(* Let $T$ be a minimal homeomorphism of a compact metric space $X$, let $G$ be a locally compact second countable group, let $f\colon X\to G$ be a continuous regular cocycle and let $C\subseteq X\times G$ be a surjective $\mathbf T_f$-orbit closure. Then every nonempty relatively open subset of $C$ projects, under the first coordinate projection $\pi_X\colon X\times G\to X$, onto a subset of $X$ with nonempty interior.
   Context: The cocycle is $f(n,x)=f(T^{n-1}x)\cdots f(x)$ for $n\ge1$, $f(0,x)=\mathbf 1_G$, $f(n,x)=f(-n,T^nx)^{-1}$ for $n<0$. The skew product is $\mathbf T_f(x,g)=(Tx,f(x)g)$ on $X\times G$. A surjective $\mathbf T_f$-orbit closure is the closure of the $\mathbf T_f$-orbit of a single point of $X\times G$ which projects onto all of $X$ under $\pi_X$; $f$ is regular if such an orbit closure exists. *)

theory Defs
  imports "HOL-Analysis.Analysis"
begin

definition topological_group :: "('g::topological_space \<Rightarrow> 'g \<Rightarrow> 'g) \<Rightarrow> 'g \<Rightarrow> ('g \<Rightarrow> 'g) \<Rightarrow> bool" where
  "topological_group mul e ginv \<longleftrightarrow>
     (\<forall>a b c. mul (mul a b) c = mul a (mul b c)) \<and>
     (\<forall>a. mul e a = a) \<and> (\<forall>a. mul a e = a) \<and>
     (\<forall>a. mul (ginv a) a = e) \<and> (\<forall>a. mul a (ginv a) = e) \<and>
     continuous_on UNIV (\<lambda>p. mul (fst p) (snd p)) \<and>
     continuous_on UNIV ginv"

definition minimal_map :: "('a::topological_space \<Rightarrow> 'a) \<Rightarrow> bool" where
  "minimal_map T \<longleftrightarrow> (\<forall>A. closed A \<and> A \<noteq> {} \<and> T ` A = A \<longrightarrow> A = UNIV)"

definition cocycle :: "('g \<Rightarrow> 'g \<Rightarrow> 'g) \<Rightarrow> 'g \<Rightarrow> ('g \<Rightarrow> 'g) \<Rightarrow> ('a \<Rightarrow> 'a) \<Rightarrow> ('a \<Rightarrow> 'g) \<Rightarrow> int \<Rightarrow> 'a \<Rightarrow> 'g" where
  "cocycle mul e ginv T f n x =
     (if n \<ge> 0 then foldr (\<lambda>k acc. mul acc (f ((T ^^ k) x))) [0..<nat n] e
      else ginv (foldr (\<lambda>k acc. mul acc (f ((T ^^ k) ((inv T ^^ nat (-n)) x)))) [0..<nat (-n)] e))"

definition skew :: "('a \<Rightarrow> 'a) \<Rightarrow> ('g \<Rightarrow> 'g \<Rightarrow> 'g) \<Rightarrow> ('a \<Rightarrow> 'g) \<Rightarrow> 'a \<times> 'g \<Rightarrow> 'a \<times> 'g" where
  "skew T mul f = (\<lambda>(x, g). (T x, mul (f x) g))"

definition full_orbit :: "('b \<Rightarrow> 'b) \<Rightarrow> 'b \<Rightarrow> 'b set" where
  "full_orbit S p = {(S ^^ n) p | n. True} \<union> {(inv S ^^ n) p | n. True}"

definition surjective_orbit_closure ::
  "('a \<Rightarrow> 'a) \<Rightarrow> ('g \<Rightarrow> 'g \<Rightarrow> 'g) \<Rightarrow> ('a \<Rightarrow> 'g) \<Rightarrow> ('a::topological_space \<times> 'g::topological_space) set \<Rightarrow> bool" where
  "surjective_orbit_closure T mul f C \<longleftrightarrow>
     (\<exists>p. C = closure (full_orbit (skew T mul f) p) \<and> fst ` C = UNIV)"

definition regular_cocycle ::
  "('a::topological_space \<Rightarrow> 'a) \<Rightarrow> ('g::topological_space \<Rightarrow> 'g \<Rightarrow> 'g) \<Rightarrow> ('a \<Rightarrow> 'g) \<Rightarrow> bool" where
  "regular_cocycle T mul f \<longleftrightarrow> (\<exists>C. surjective_orbit_closure T mul f C)"

end

theory Submission
  imports Defs
begin

text \<open>Write \<open>C\<close> as the closure of the \<open>T\<^sub>f\<close>-orbit \<open>O\<close> of a point. Every integer power of \<open>T\<^sub>f\<close>
  is a continuous map of \<open>X \<times> G\<close> lying over a homeomorphism of \<open>X\<close> and commuting with right
  translations of \<open>G\<close>, and such lifts carry any point of \<open>O\<close> to any other one.
  Let \<open>U\<close> contain a point \<open>q\<close> of \<open>O\<close> with a product neighbourhood \<open>A \<times> B\<close>, and choose
  neighbourhoods \<open>N\<close> of the \<open>G\<close>-coordinate of \<open>q\<close> and \<open>V\<close> of the identity with \<open>N V \<subseteq> B\<close>.
  As \<open>G\<close> is locally compact and second countable, \<open>X\<close> is covered by countably many closed sets
  \<open>\<pi>\<^sub>X(C \<inter> X \<times> K)\<close> with \<open>K\<close> compact inside an open \<open>W\<close> with \<open>W\<^sup>-\<^sup>1 W \<subseteq> V\<close>; by Baire,
  \<open>\<pi>\<^sub>X(O \<inter> X \<times> W)\<close> is dense in a nonempty open set. Moving one of its points to \<open>q\<close> by a lift \<open>\<Theta>\<close>,
  right equivariance puts \<open>\<Theta>(y, \<gamma>)\<close> into \<open>A \<times> B\<close> for all nearby \<open>(y, \<gamma>) \<in> O\<close> with \<open>\<gamma> \<in> W\<close>, so
  \<open>\<pi>\<^sub>X(O \<inter> A \<times> B)\<close> is somewhere dense. Shrinking \<open>A \<times> B\<close> to a product with compact closure
  turns density into containment in \<open>\<pi>\<^sub>X(U)\<close>.\<close>

lemma locally_compact_open_nbhd_compact_closure:
  fixes B :: "'g::t2_space set"
  assumes lc: "locally_compact_space (euclidean :: 'g topology)" and "open B" "y \<in> B"
  obtains N where "open N" "y \<in> N" "compact (closure N)" "closure N \<subseteq> B"
proof -
  have Hausdorff: "Hausdorff_space (euclidean :: 'g topology)"
    unfolding Hausdorff_space_def disjnt_def by (metis hausdorff open_openin)
  then have "regular_space (euclidean :: 'g topology)"
    using lc locally_compact_Hausdorff_imp_regular_space by blast
  then obtain U1 V1 where UV: "open U1" "open V1" "y \<in> U1" "- B \<subseteq> V1" "U1 \<inter> V1 = {}"
    using assms(2,3) unfolding regular_space_def disjnt_def
    by (metis Compl_iff DiffI UNIV_I closed_closedin open_closed open_openin topspace_euclidean)
  have "closure U1 \<subseteq> B"
    using UV closure_minimal[of U1 "- V1"] by blast
  moreover have "neighbourhood_base_of (\<lambda>U. openin euclidean U \<and> compactin euclidean (euclidean closure_of U))
      (euclidean :: 'g topology)"
    using lc locally_compact_space_neighbourhood_base_open_closure_of Hausdorff by blast
  then obtain U N where "open U" "open N" "compact (closure N)" "y \<in> U" "U \<subseteq> N" "N \<subseteq> U1"
    using UV unfolding neighbourhood_base_of
    by (metis open_openin euclidean_closure_of compactin_euclidean_iff)
  ultimately show ?thesis
    using that closure_mono[of N U1] by blast
qed

lemma compact_UNIV_imp_locally_compact_space:
  "compact (UNIV :: 'a::topological_space set) \<Longrightarrow> locally_compact_space (euclidean :: 'a topology)"
  by (metis compact_imp_locally_compact_space compact_space_def compactin_euclidean_iff topspace_euclidean)

lemma compact_fst_image_Int:
  "closed S \<Longrightarrow> compact K \<Longrightarrow> compact (fst ` (S \<inter> K))"
  by (simp add: closed_Int_compact compact_continuous_image continuous_on_fst continuous_on_id)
=======
* Exercise *
Report back each line of the entries that holds the string "longleftrightarrow".

* Final answer *
  "topological_group mul e ginv \<longleftrightarrow>
  "minimal_map T \<longleftrightarrow> (\<forall>A. closed A \<and> A \<noteq> {} \<and> T ` A = A \<longrightarrow> A = UNIV)"
  "surjective_orbit_closure T mul f C \<longleftrightarrow>
  "regular_cocycle T mul f \<longleftrightarrow> (\<exists>C. surjective_orbit_closure T mul f C)"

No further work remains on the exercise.